I'm thoroughly puzzled. I have a block of HTML that I scraped out of a larger table. It looks about like this:

<td align="left" class="page">Number:\xc2\xa0<a class="topmenu" href="http://www.example.com/whatever.asp?search=724461">724461</a> Date:\xc2\xa01/1/1999 Amount:\xc2\xa0$2.50 <br/>Person:<br/><a class="topmenu" href="http://www.example.com/whatever.asp?search=LAST&amp;searchfn=FIRST">LAST,\xc2\xa0FIRST </a> </td>

(Actually, it looked worse, but I regexed out a lot of line breaks)

I need to get the lines out, and break up the Date/Amount line.
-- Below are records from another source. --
lemma lorentz_modular_add_le:
  assumes w: "lorentz_weight w" and p: "p > 0" and x: "x \<in> lorentz_space w p"
    and y: "y \<in> lorentz_space w p"
  shows "(\<lambda>k. x k + y k) \<in> lorentz_space w p \<and>
     lorentz_modular w p (\<lambda>k. x k + y k)
       \<le> 2 powr (p + 1) * (lorentz_modular w p x + lorentz_modular w p y)"
proof -
  note wf = lorentz_weightD[OF w]
  have x0: "x \<longlonglongrightarrow> 0" by (rule lorentz_space_null[OF x])
  have y0: "y \<longlonglongrightarrow> 0" by (rule lorentz_space_null[OF y])
  have s0: "(\<lambda>k. x k + y k) \<longlonglongrightarrow> 0" using tendsto_add_zero[OF x0 y0] .
  define f where "f = (\<lambda>k. w k * decr_rearr (\<lambda>k. x k + y k) k powr p)"
  define h where "h = (\<lambda>n. 2 powr p * (w n * decr_rearr x n powr p + w n * decr_rearr y n powr p))"
  have hs: "summable h" unfolding h_def
    by (intro summable_mult summable_add lorentz_space_summable[OF x] lorentz_space_summable[OF y])
  have hsum: "suminf h = 2 powr p * (lorentz_modular w p x + lorentz_modular w p y)"
    unfolding h_def lorentz_modular_def
    using suminf_mult[OF summable_add[OF lorentz_space_summable[OF x] lorentz_space_summable[OF y]]]
      suminf_add[OF lorentz_space_summable[OF x] lorentz_space_summable[OF y]] by simp
  have hp: "\<And>n. 0 \<le> h n" unfolding h_def using wf(3) by simp
  have fp: "\<And>k. 0 \<le> f k" unfolding f_def using wf(3) by simp
  have fh: "f k \<le> h (k div 2)" for k
    using mult_mono[OF wf(2)[of "k div 2" k] decr_rearr_add_powr_le[OF x0 y0 p, of k]] wf(3)
    unfolding f_def h_def by (simp add: algebra_simps)
  have part: "(\<Sum>k<N. f k) \<le> 2 * suminf h" for N
  proof -
    have "(\<Sum>k<N. f k) \<le> (\<Sum>k<2*N. f k)" by (rule sum_mono2) (use fp in auto)
    also have "\<dots> \<le> (\<Sum>k<2*N. h (k div 2))" by (rule sum_mono) (rule fh)
    also have "\<dots> = 2 * (\<Sum>n<N. h n)" by (rule sum_lessThan_double_div2)
    also have "\<dots> \<le> 2 * suminf h" using sum_le_suminf[OF hs, of "{..<N}"] hp by simp
    finally show ?thesis .
  qed
  have fs: "summable f" by (rule summableI_nonneg_bounded[OF fp part])
  have "suminf f \<le> 2 * suminf h" by (rule suminf_le_const[OF fs part])
  also have "\<dots> = 2 powr (p + 1) * (lorentz_modular w p x + lorentz_modular w p y)" unfolding hsum
    by (simp add: powr_add)
  finally show ?thesis using fs s0 unfolding lorentz_space_def lorentz_modular_def f_def by auto
qed
lemma ctx_verts_memD:
  "x \<in> ctx_verts f p C \<Longrightarrow>
    (\<exists>r. x = f r \<and> \<not> prefix (p @ hole_pos C) r) \<or>
    (\<exists>i l. x = VL i \<and> (i, l) \<in> set (leaves_before C @ leaves_after C))"
proof (induction C arbitrary: p)
  case (CL c C B)
  then consider "x = f p" | "x \<in> ctx_verts f (p @ [False]) C" | "x \<in> tverts f (p @ [True]) B"
    by auto
  then show ?case
  proof cases
    case 1
    then show ?thesis by (auto dest: prefix_length_le)
  next
    case 2
    from CL.IH[OF this] show ?thesis by auto
  next
    case 3
    from tverts_memD[OF this] show ?thesis by auto
  qed
next
  case (CR c A C)
  then consider "x = f p" | "x \<in> tverts f (p @ [False]) A" | "x \<in> ctx_verts f (p @ [True]) C"
    by auto
  then show ?case
  proof cases
    case 1
    then show ?thesis by (auto dest: prefix_length_le)
  next
    case 2
    from tverts_memD[OF this] show ?thesis by auto
  next
    case 3
    from CR.IH[OF this] show ?thesis by auto
  qed
qed simp

lemma hole_node_notin_ctx_verts: "node_embedding f \<Longrightarrow> f (p @ hole_pos C) \<notin> ctx_verts f p C"
  using ctx_verts_memD[of "f (p @ hole_pos C)" f p C] by (auto simp: node_embedding_def inj_def)

lemma ctx_edges_cong: "\<forall>x\<in>ctx_verts f p C. s x = s' x \<Longrightarrow> ctx_edges s f p C r = ctx_edges s' f p C r"
proof (induction C arbitrary: p)
  case (CL c C B)
  have "tedges s f (p @ [True]) B = tedges s' f (p @ [True]) B"
    using CL.prems by (intro tedges_cong) simp
  with CL show ?case
    by (simp add: node_edges_def)
next
  case (CR c A C)
  have "tedges s f (p @ [False]) A = tedges s' f (p @ [False]) A"
    using CR.prems by (intro tedges_cong) simp
  with CR show ?case
    by (simp add: node_edges_def)
qed simp

lemma ctx_edges_image:
  assumes f: "node_embedding f" and fixed: "\<forall>x\<in>ctx_verts f p C. \<phi> x = x"
    and r: "\<phi> r \<notin> ctx_verts f p C"
  shows "edge_image \<phi> (ctx_edges s f p C r) = ctx_edges s f p C (\<phi> r)"
  using fixed r
proof (induction C arbitrary: p)
  case (CL c C B)
  have root: "\<phi> (ctx_root f (p @ [False]) C r) = ctx_root f (p @ [False]) C (\<phi> r)"
    "f p \<noteq> ctx_root f (p @ [False]) C (\<phi> r)"
    using CL.prems f by (cases C; auto simp: node_embedding_def inj_def)+
  have "\<phi> (troot f (p @ [True]) B) = troot f (p @ [True]) B"
    using CL.prems troot_in_tverts[of f "p @ [True]" B] by auto
  moreover have "f p \<noteq> troot f (p @ [True]) B"
    by (rule node_neq_troot_child[OF f])
  moreover have "edge_image \<phi> (tedges s f (p @ [True]) B) = tedges s f (p @ [True]) B"
    using CL.prems by (intro edge_image_tedges_id[OF f]) auto
  ultimately show ?case
    using CL root by (simp add: edge_image_Un edge_image_node_edges)
next
  case (CR c A C)
  have root: "\<phi> (ctx_root f (p @ [True]) C r) = ctx_root f (p @ [True]) C (\<phi> r)"
    "f p \<noteq> ctx_root f (p @ [True]) C (\<phi> r)"
    using CR.prems f by (cases C; auto simp: node_embedding_def inj_def)+
  have "\<phi> (troot f (p @ [False]) A) = troot f (p @ [False]) A"
    using CR.prems troot_in_tverts[of f "p @ [False]" A] by auto
  moreover have "f p \<noteq> troot f (p @ [False]) A"
    by (rule node_neq_troot_child[OF f])
  moreover have "edge_image \<phi> (tedges s f (p @ [False]) A) = tedges s f (p @ [False]) A"
    using CR.prems by (intro edge_image_tedges_id[OF f]) auto
  ultimately show ?case
    using CR root by (simp add: edge_image_Un edge_image_node_edges)
qed simp

definition seq_verts :: "'a ftree list \<Rightarrow> vtx set" where
  "seq_verts \<Gamma> = (\<Union>k<length \<Gamma>. tverts (VG k) [] (\<Gamma> ! k))"

definition seq_edges :: "(vtx \<Rightarrow> bool) \<Rightarrow> 'a ftree list \<Rightarrow> vtx set set" where
  "seq_edges s \<Gamma> = (\<Union>k<length \<Gamma>. tedges s (VG k) [] (\<Gamma> ! k))"

lemma graph_verts_eq: "graph_verts P \<Gamma> = tverts VP [] P \<union> seq_verts \<Gamma>"
  unfolding graph_verts_def seq_verts_def ..

lemma switch_edges_eq: "switch_edges s P \<Gamma> = tedges s VP [] P \<union> seq_edges s \<Gamma>"
  unfolding switch_edges_def seq_edges_def ..

lemma seq_verts_snoc: "seq_verts (\<Delta> @ [X]) = seq_verts \<Delta> \<union> tverts (VG (length \<Delta>)) [] X"
  unfolding seq_verts_def by (simp add: lessThan_Suc nth_append Un_commute)

lemma seq_edges_snoc: "seq_edges s (\<Delta> @ [X]) = seq_edges s \<Delta> \<union> tedges s (VG (length \<Delta>)) [] X"
  unfolding seq_edges_def by (simp add: lessThan_Suc nth_append Un_commute)

lemma graph_verts_snoc: "graph_verts P (\<Delta> @ [X]) = graph_verts P \<Delta> \<union> tverts (VG (length \<Delta>)) [] X"
  by (simp add: graph_verts_eq seq_verts_snoc Un_assoc)

lemma switch_edges_snoc: "switch_edges s P (\<Delta> @ [X]) = switch_edges s P \<Delta> \<union> tedges s (VG (length \<Delta>)) [] X"
  by (simp add: switch_edges_eq seq_edges_snoc Un_assoc)

lemma graph_verts_append2:
  "graph_verts P (\<Delta> @ [X, Y]) = graph_verts P \<Delta> \<union> tverts (VG (length \<Delta>)) [] X \<union> tverts (VG (Suc (length \<Delta>))) [] Y"
  using graph_verts_snoc[of P "\<Delta> @ [X]" Y] by (simp add: graph_verts_snoc)

lemma switch_edges_append2:
  "switch_edges s P (\<Delta> @ [X, Y]) = switch_edges s P \<Delta> \<union> tedges s (VG (length \<Delta>)) [] X \<union> tedges s (VG (Suc (length \<Delta>))) [] Y"
  using switch_edges_snoc[of s P "\<Delta> @ [X]" Y] by (simp add: switch_edges_snoc)

lemma seq_verts_memD:
  assumes "x \<in> seq_verts \<Delta>"
  shows "(\<exists>m r. x = VG m r \<and> m < length \<Delta>) \<or> (\<exists>i l. x = VL i \<and> (i, l) \<in> set (concat (map leaves \<Delta>)))"
proof -
  obtain k where k: "k < length \<Delta>" "x \<in> tverts (VG k) [] (\<Delta> ! k)"
    using assms unfolding seq_verts_def by blast
  then have "\<Delta> ! k \<in> set \<Delta>"
    by simp
  with k tverts_memD[OF k(2)] show ?thesis
    by auto
qed
lemma harris_inequality:
  assumes "finite V" "0 \<le> p" "p \<le> 1" "antimono f" "antimono g"
  shows "expect_Vp p V f * expect_Vp p V g \<le> expect_Vp p V (\<lambda>W. f W * g W)"
  using assms(1,4,5)
proof (induction V arbitrary: f g rule: finite_induct)
  case empty then show ?case by simp
next
  case (insert x U)
  define f1 where "f1 = expect_Vp p U (\<lambda>W. f (insert x W))"
  define f0 where "f0 = expect_Vp p U f"
  define g1 where "g1 = expect_Vp p U (\<lambda>W. g (insert x W))"
  define g0 where "g0 = expect_Vp p U g"
  have anti_insert: "antimono (\<lambda>W. h (insert x W))" if "antimono h" for h :: "'a set \<Rightarrow> real"
    using that by (auto intro!: antimonoI dest: antimonoD[OF _ insert_mono])
  have "f1 \<le> f0" "g1 \<le> g0" unfolding f1_def f0_def g1_def g0_def
    using insert.prems assms(2,3) by (auto intro!: expect_Vp_mono dest: antimonoD[OF _ subset_insertI])
  \<comment> \<open>splitting on \<open>x \<in> W\<close>, the covariance gained is \<open>p (1 - p) (f0 - f1) (g0 - g1) \<ge> 0\<close>\<close>
  then have "p * (1 - p) * ((f0 - f1) * (g0 - g1)) \<ge> 0"
    using assms(2,3) by simp
  then have "expect_Vp p (insert x U) f * expect_Vp p (insert x U) g
      \<le> p * (f1 * g1) + (1 - p) * (f0 * g0)"
    using insert.hyps by (simp add: expect_Vp_insert f1_def f0_def g1_def g0_def algebra_simps)
  also have "\<dots> \<le> p * expect_Vp p U (\<lambda>W. f (insert x W) * g (insert x W))
                   + (1 - p) * expect_Vp p U (\<lambda>W. f W * g W)"
    unfolding f1_def f0_def g1_def g0_def
    using insert.IH insert.prems anti_insert assms(2,3) by (intro add_mono mult_left_mono) auto
  also have "\<dots> = expect_Vp p (insert x U) (\<lambda>W. f W * g W)"
    using insert.hyps by (simp add: expect_Vp_insert)
  finally show ?case .
qed

lemma expect_Vp_no_subset_ge:
  assumes "finite V" "finite I" "\<And>i. i \<in> I \<Longrightarrow> C i \<subseteq> V" "0 \<le> p" "p \<le> 1"
  shows "1 - (\<Sum>i\<in>I. p ^ card (C i))
           \<le> expect_Vp p V (\<lambda>W. if \<forall>i\<in>I. \<not> C i \<subseteq> W then 1 else 0)"
proof -
  have "1 - (\<Sum>i\<in>I. p ^ card (C i))
      = expect_Vp p V (\<lambda>W. 1 - (\<Sum>i\<in>I. if C i \<subseteq> W then 1 else 0))"
    using assms(1,3) by (simp add: expect_Vp_diff expect_Vp_sum expect_Vp_subset_indicator)
  also have "\<dots> \<le> expect_Vp p V (\<lambda>W. if \<forall>i\<in>I. \<not> C i \<subseteq> W then 1 else 0)"
  proof (rule expect_Vp_mono[OF assms(4,5)])
    fix W
    show "1 - (\<Sum>i\<in>I. if C i \<subseteq> W then 1 else 0)
        \<le> (if \<forall>i\<in>I. \<not> C i \<subseteq> W then 1 else (0::real))"
    proof (cases "\<forall>i\<in>I. \<not> C i \<subseteq> W")
      case False
      then obtain j where "j \<in> I" "C j \<subseteq> W" by blast
      then have "1 \<le> (\<Sum>i\<in>I. if C i \<subseteq> W then 1 else (0::real))"
        using assms(2) member_le_sum[of j I "\<lambda>i. if C i \<subseteq> W then 1 else 0::real"] by simp
      with False show ?thesis by simp
    qed (simp add: sum_nonneg)
  qed
  finally show ?thesis .
qed

lemma prob_random_subset_le_exp_moment:
  assumes "finite V" "0 \<le> p" "p \<le> 1" "0 \<le> t"
  shows "prob_random_subset V p (\<lambda>W. X W \<le> k) \<le> exp (t * k) * expect_Vp p V (\<lambda>W. exp (- t * X W))"
proof -
  have "prob_random_subset V p (\<lambda>W. X W \<le> k) = expect_Vp p V (\<lambda>W. if X W \<le> k then 1 else 0)"
    using assms(1) by (rule prob_random_subset_eq_expect_Vp)
  also have "\<dots> \<le> expect_Vp p V (\<lambda>W. exp (t * k) * exp (- t * X W))"
  proof (rule expect_Vp_mono[OF assms(2,3)])
    fix W
    have "X W \<le> k \<Longrightarrow> 0 \<le> t * (k - X W)" using assms(4) by simp
    then show "(if X W \<le> k then 1 else 0) \<le> exp (t * k) * exp (- t * X W)"
      by (simp add: algebra_simps flip: exp_add)
  qed
  finally show ?thesis by (simp add: expect_Vp_cmult)
qed

lemma has_real_derivative_expect_Vp_exp:
  "((\<lambda>s. expect_Vp p V (\<lambda>W. exp (- s * X W))) has_real_derivative
      - expect_Vp p V (\<lambda>W. X W * exp (- s * X W))) (at s)"
proof -
  have deriv_eq: "- expect_Vp p V (\<lambda>W. X W * exp (- s * X W))
      = (\<Sum>W\<in>Pow V. p ^ card W * (1 - p) ^ card (V - W) * (exp (- s * X W) * - X W))"
    unfolding expect_Vp_def by (simp add: sum_negf[symmetric] mult_ac)
  show ?thesis
    unfolding deriv_eq unfolding expect_Vp_def
    by (intro DERIV_sum DERIV_cmult) (auto intro!: derivative_eq_intros)
qed

lemma exp_bound_from_differential_inequality:
  fixes \<Psi> \<Psi>' :: "real \<Rightarrow> real"
  assumes "\<And>s. (\<Psi> has_real_derivative \<Psi>' s) (at s)"
    and "\<And>s. 0 \<le> s \<Longrightarrow> s \<le> t \<Longrightarrow> c * exp (- s) * \<Psi> s \<le> - \<Psi>' s"
    and "0 \<le> t"
  shows "\<Psi> t \<le> \<Psi> 0 * exp (- c * (1 - exp (- t)))"
proof -
  define h where "h s = \<Psi> s * exp (c * (1 - exp (- s)))" for s
  have "h t \<le> h 0"
  proof (rule DERIV_nonpos_imp_nonincreasing[OF assms(3)])
    fix s assume "0 \<le> s" "s \<le> t"
    then have "\<Psi>' s + c * exp (- s) * \<Psi> s \<le> 0"
      using assms(2) by fastforce
    then have "(\<Psi>' s + c * exp (- s) * \<Psi> s) * exp (c * (1 - exp (- s))) \<le> 0"
      by (simp add: mult_nonpos_nonneg)
    moreover have "(h has_real_derivative (\<Psi>' s + c * exp (- s) * \<Psi> s) * exp (c * (1 - exp (- s)))) (at s)"
      unfolding h_def by (auto intro!: derivative_eq_intros assms(1) simp: algebra_simps)
    ultimately show "\<exists>y. (h has_real_derivative y) (at s) \<and> y \<le> 0" by blast
  qed
  then have "h t * exp (- c * (1 - exp (- t))) \<le> \<Psi> 0 * exp (- c * (1 - exp (- t)))"
    by (simp add: h_def)
  then show ?thesis by (simp add: h_def mult.assoc flip: exp_add)
qed

lemma finite_matching_sizes: "finite H \<Longrightarrow> finite {card M | M. is_matching H M}"
  by (rule finite_subset[where B = "card ` Pow H"]) (auto simp: is_matching_def)

lemma matching_number_ge: "finite H \<Longrightarrow> is_matching H M \<Longrightarrow> card M \<le> matching_number H"
  unfolding matching_number_def by (rule Max_ge) (auto simp: finite_matching_sizes)

lemma matching_number_attained:
  assumes "finite H"
  shows "\<exists>M. is_matching H M \<and> card M = matching_number H"
proof -
  have "is_matching H {}" by (simp add: is_matching_def)
  then have "{card M | M. is_matching H M} \<noteq> {}" by blast
  with assms have "matching_number H \<in> {card M | M. is_matching H M}"
    unfolding matching_number_def by (rule Max_in[OF finite_matching_sizes])
  then show ?thesis by auto
qed

lemma matching_number_mono:
  assumes "finite H'" "H \<subseteq> H'"
  shows "matching_number H \<le> matching_number H'"
proof -
  obtain M where "is_matching H M" "card M = matching_number H"
    using matching_number_attained assms finite_subset by blast
  then show ?thesis
    using assms matching_number_ge[of H' M] by (auto simp: is_matching_def)
qed

lemma matching_number_induced_mono:
  "finite H \<Longrightarrow> W \<subseteq> W' \<Longrightarrow> matching_number (induced H W) \<le> matching_number (induced H W')"
  by (rule matching_number_mono) (auto simp: induced_def)

definition neighbours :: "'a set set \<Rightarrow> 'a set \<Rightarrow> 'a set set" where
  "neighbours H A = {B \<in> H. B \<noteq> A \<and> B \<inter> A \<noteq> {}}"

definition edges_disjoint_from :: "'a set set \<Rightarrow> 'a set \<Rightarrow> 'a set set" where
  "edges_disjoint_from H A = {B \<in> H. B \<inter> A = {}}"

definition isolated_edge :: "'a set set \<Rightarrow> 'a set \<Rightarrow> 'a set \<Rightarrow> bool" where
  "isolated_edge H A W \<longleftrightarrow> A \<subseteq> W \<and> (\<forall>B \<in> neighbours H A. \<not> B \<subseteq> W)"

lemma induced_edges_disjoint_from_Diff:
  "induced (edges_disjoint_from H A) (W - A) = induced (edges_disjoint_from H A) W"
  by (auto simp: induced_def edges_disjoint_from_def)

lemma matching_number_edges_disjoint_from_le:
  "finite H \<Longrightarrow> matching_number (induced (edges_disjoint_from H A) W) \<le> matching_number (induced H W)"
  by (rule matching_number_mono) (auto simp: induced_def edges_disjoint_from_def)

lemma card_isolated_edges_le_matching_number:
  assumes "finite H"
  shows "card {A \<in> H. isolated_edge H A W} \<le> matching_number (induced H W)"
proof (rule matching_number_ge)
  show "finite (induced H W)" using assms by (simp add: induced_def)
  show "is_matching (induced H W) {A \<in> H. isolated_edge H A W}"
    unfolding is_matching_def
  proof (intro conjI ballI impI subsetI)
    fix A assume "A \<in> {A \<in> H. isolated_edge H A W}"
    then show "A \<in> induced H W" by (simp add: induced_def isolated_edge_def)
  next
    fix A B assume "A \<in> {A \<in> H. isolated_edge H A W}" "B \<in> {A \<in> H. isolated_edge H A W}" "A \<noteq> B"
    then show "A \<inter> B = {}" by (auto simp: isolated_edge_def neighbours_def)
  qed
qed

lemma is_matching_edges_disjoint_from:
  assumes M: "is_matching (induced H W) M" and iso: "isolated_edge H A W"
  shows "is_matching (induced (edges_disjoint_from H A) W) (M - {A})"
  unfolding is_matching_def
proof (intro conjI ballI impI subsetI)
  fix B assume "B \<in> M - {A}"
  then have B: "B \<in> H" "B \<subseteq> W" "B \<noteq> A" using M by (auto simp: is_matching_def induced_def)
  then have "B \<notin> neighbours H A" using iso by (auto simp: isolated_edge_def)
  then show "B \<in> induced (edges_disjoint_from H A) W"
    using B by (auto simp: neighbours_def induced_def edges_disjoint_from_def)
next
  fix B C assume "B \<in> M - {A}" "C \<in> M - {A}" "B \<noteq> C"
  then show "B \<inter> C = {}" using M by (auto simp: is_matching_def)
qed
lemma prob_gain_light:
  assumes small: "2^22 * real s \<le> real n"
  shows "measure_pmf.prob (replicate_pmf s P)
      {xs. gain light xs \<le> (\<Sum>x\<in>light. cover_excess s q (pmf P x)) / 2} \<le> 1/100"
proof -
  define \<beta> :: real where "\<beta> = 1 / 2^16"
  define G where "G = (\<Sum>x\<in>light. cover_excess s q (pmf P x))"
  have G: "\<gamma> \<le> G" unfolding G_def by (rule excess_sum_light_ge[OF small])
  have light_sub: "light \<subseteq> {1..n}" by (auto simp: light_def)
  have "(\<Sum>x\<in>light. pmf P x) \<le> 1"
    using sum_mono2[OF _ light_sub, of "pmf P"] sum_pmf_P by simp
  then have "64 * real s * q\<^sup>2 * (\<Sum>x\<in>light. pmf P x) \<le> 64 * real s * q\<^sup>2"
    by (intro mult_left_le) (auto intro: sum_nonneg)
  moreover have "(\<Sum>x\<in>light. mass_var x)
      \<le> (\<Sum>x\<in>light. 64 * real s * q\<^sup>2 * pmf P x + 4 * \<beta> / real s * cover_excess s q (pmf P x))"
    using s q_bounds by (intro sum_mono cover_variance_le_excess) (auto simp: light_def \<beta>_def pmf_le_1)
  moreover have "\<dots> = 64 * real s * q\<^sup>2 * (\<Sum>x\<in>light. pmf P x) + 4 * \<beta> / real s * G"
    by (simp add: G_def sum.distrib sum_distrib_left)
  ultimately have V: "(\<Sum>x\<in>light. mass_var x) \<le> 64 * real s * q\<^sup>2 + 4 * \<beta> / real s * G"
    by linarith
  have "measure_pmf.prob (replicate_pmf s P) {xs. gain light xs \<le> G / 2} \<le> 4 * (\<Sum>x\<in>light. mass_var x) / G\<^sup>2"
    using G \<gamma>_pos light_sub unfolding G_def by (intro prob_gain_le_half) auto
  also have "\<dots> \<le> 4 * (64 * real s * q\<^sup>2 + 4 * \<beta> / real s * G) / G\<^sup>2"
    using V by (intro divide_right_mono) auto
  also have "\<dots> = 4 * (64 * real s * q\<^sup>2) / G\<^sup>2 + 4 * (4 * \<beta> / real s) / G"
    using G \<gamma>_pos by (simp add: power2_eq_square add_divide_distrib)
  also have "\<dots> \<le> 4 * (64 * real s * q\<^sup>2) / \<gamma>\<^sup>2 + 4 * (4 * \<beta> / real s) / \<gamma>"
    using G \<gamma>_pos s by (intro add_mono divide_left_mono power_mono mult_pos_pos) (auto simp: \<beta>_def)
  also have "\<dots> = 331776 / (real s * \<epsilon>^4) + 576 * \<beta> * (real n / ((real s)\<^sup>2 * \<epsilon>\<^sup>2))"
    using s \<epsilon> n by (simp add: \<gamma>_def q_def power2_eq_square power4_eq_xxxx field_simps)
  also have "\<dots> \<le> 331776 / 2^64 + 576 * \<beta> * 1"
    using large_sample square_sample s \<epsilon>
    by (intro add_mono divide_left_mono mult_left_mono) (auto simp: \<beta>_def divide_le_eq_1)
  finally show ?thesis by (simp add: G_def \<beta>_def)
qed

lemma heavy_iff: "x \<in> heavy \<longleftrightarrow> x \<in> {1..n} \<and> 1 / 2^16 \<le> real s * pmf P x"
  by (auto simp: heavy_def light_def)
lemma forcing_arc_add_leaf_to:
  assumes AV: "A' \<subseteq> V' \<times> V'" and a: "a \<notin> V'"
    and b: "in_nbrs A' b = {c}" and c: "out_nbrs A' c = {b}"
    and xy: "forcing_arc V' A' x y" and "x \<noteq> c"
  shows "forcing_arc (insert a V') (A' \<union> {(a, b), (a, a)}) x y" (is "forcing_arc ?V ?A x y")
proof -
  have N_old: "in_nbrs ?A v = in_nbrs A' v" if "v \<in> V'" "v \<noteq> b" for v
    using that a unfolding in_nbrs_def by auto
  have "x \<in> in_nbrs A' y" using xy unfolding forcing_arc_iff by blast
  then have y: "y \<in> V'" "y \<noteq> b" using AV b \<open>x \<noteq> c\<close> unfolding in_nbrs_def by auto
  have "z \<noteq> b" if "in_nbrs A' z = in_nbrs A' y - {x}" for z
  proof
    assume "z = b"
    then have "c \<in> in_nbrs A' y" using that b by blast
    then show False using c y(2) unfolding in_nbrs_def out_nbrs_def by auto
  qed
  then show ?thesis
    using N_old by (intro forcing_arc_transfer[OF xy subset_insertI N_old[OF y]]) blast
qed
It seemed like the place to start was to find the children of that block of HTML. The block is a string because that's how regex gave it back to me. So I did:

text_soup = BeautifulSoup(text)
text_children = text_soup.find('td').childGenerator()

I've worked out that I can only iterate through text_children once, though I don't understand why that is. It's a listiterator type, which I'm struggling to understand.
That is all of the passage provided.